Deriving information from external Big Databases and Big Data analytics: all that glitters is not gold

Miguel Angel Martinez-Garcia; Anh Tuan Dinh-Xuan

doi:10.1183/13993003.00060-2016

Abstract

Big Data analytics are a further step on the road to the ideal model of personalised medicine http://ow.ly/XWr1C

True genius resides in the capacity for evaluation of uncertain, hazardous, and conflicting information

Winston Churchill (1874–1965)

It seems more and more obvious that we are now living in the era of technology and information. Technological advances have allowed us to generate vast amounts of information of all kinds extremely quickly and, more importantly, store it so that it remains available for subsequent analysis. Accordingly, many large companies and institutions centre a large part of their strategy on the analysis of enormous databases on their customers. These provide information that determines future decisions and optimises resources.

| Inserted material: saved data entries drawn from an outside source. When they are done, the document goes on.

(* For a fixed n-subset A, the term m_A(kappa_I, kappa_J) at g is the product of the psi-weights
   on c_2(A), which give (1/(1-nu))^|supp g \<inter> c_2(A)|, and s_A evaluated at the restriction g'
   of g to [m+n-1] - c(A).  The last elements a_m = max A^c and b_n = max A are tops of maximal
   runs of A^c and A, so they lie in c(A) \<union> {m+n} and g' vanishes there: the two psi-factors
   of s_A are 1, and its two kappa-factors together say exactly that supp g - c(A) = I #_A J.
   Summing over A, only K = supp g survives on the right-hand side.  The identity holds for
   every g. *)

lemma nth_sorted_list_of_set_atLeastAtMost:
  "j \<in> {1..k} \<Longrightarrow> sorted_list_of_set {1..k} ! (j - 1) = (j::nat)"
  by (simp add: atLeastLessThanSuc_atLeastAtMost[symmetric] del: upt_Suc)

lemma bij_betw_nth_sorted_list_of_set:
  assumes "finite X"
  shows "bij_betw (\<lambda>i. sorted_list_of_set X ! (i - 1)) {1..card X} X"
proof -
  have "bij_betw (\<lambda>i. i - 1) {1..card X} {..<card X}"
    by (rule bij_betw_byWitness[where f' = Suc]) auto
  moreover have "bij_betw ((!) (sorted_list_of_set X)) {..<card X} X"
    by (rule bij_betw_nth) (use assms in auto)
  ultimately show ?thesis
    by (auto dest: bij_betw_trans simp: comp_def)
qed

lemma nth_sorted_list_of_set_last:
  fixes X :: "'a::linorder set"
  assumes "finite X" "X \<noteq> {}"
  shows "sorted_list_of_set X ! (card X - 1) = Max X"
proof (rule Max_eqI[symmetric])
  let ?xs = "sorted_list_of_set X"
  have len: "length ?xs = card X" and "card X > 0" using assms by auto
  show "?xs ! (card X - 1) \<in> X"
    using assms nth_mem[of "card X - 1" ?xs] len \<open>card X > 0\<close> by simp
  fix x assume "x \<in> X"
  then obtain j where "j < card X" "x = ?xs ! j"
    using assms len by (metis in_set_conv_nth set_sorted_list_of_set)
  then show "x \<le> ?xs ! (card X - 1)"
    using sorted_nth_mono[OF sorted_sorted_list_of_set, of j "card X - 1" X] len by simp
qed (use assms in auto)

lemma enumeration_preimage_eq_iff:
  fixes k :: nat
  assumes f: "bij_betw f {1..k} X" and last: "f k \<notin> T" and I: "I \<subseteq> {1..k - 1}"
  shows "{i \<in> {1..k - 1}. f i \<in> T} = I \<longleftrightarrow> T \<inter> X = f ` I"
proof -
  have "{i \<in> {1..k}. f i \<in> T} = {i \<in> {1..k - 1}. f i \<in> T}"
    using last by (auto simp: le_diff_conv2) (metis Suc_leI le_neq_implies_less)
  moreover have "X = f ` {1..k}" using f by (simp add: bij_betw_def)
  ultimately have T_X: "T \<inter> X = f ` {i \<in> {1..k - 1}. f i \<in> T}" by auto
  have "inj_on f {1..k - 1}" using bij_betw_imp_inj_on[OF f] by (rule inj_on_subset) auto
  then have "{i \<in> {1..k - 1}. f i \<in> T} = I \<longleftrightarrow> f ` {i \<in> {1..k - 1}. f i \<in> T} = f ` I"
    using I by (intro inj_on_image_eq_iff[symmetric]) auto
  with T_X show ?thesis by simp
qed

lemma Un_eq_iff_Int_eq:
  "T \<subseteq> X \<union> Y \<Longrightarrow> X \<inter> Y = {} \<Longrightarrow> P \<subseteq> X \<Longrightarrow> Q \<subseteq> Y \<Longrightarrow>
    T = P \<union> Q \<longleftrightarrow> T \<inter> X = P \<and> T \<inter> Y = Q"
  by blast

For a long time, medical insurance companies have been handling huge quantities of information about millions of customers worldwide, stored in well-structured databases so that it can be analysed for business purposes. Such an enormous depository of information is also potentially useful for other purposes, such as the attainment of valuable scientific knowledge that would be very difficult to achieve by other means [1, 2]. This process does have a number of limitations, however, because these databases were not specifically created with scientific objectives in mind. The information they contain may not therefore be representative of the population under analysis. Alternatively, other conditioning factors may emerge, such as ethical problems derived from the use of personal data, a lack of key scientific information and insufficient quality control of the stored data [3–5].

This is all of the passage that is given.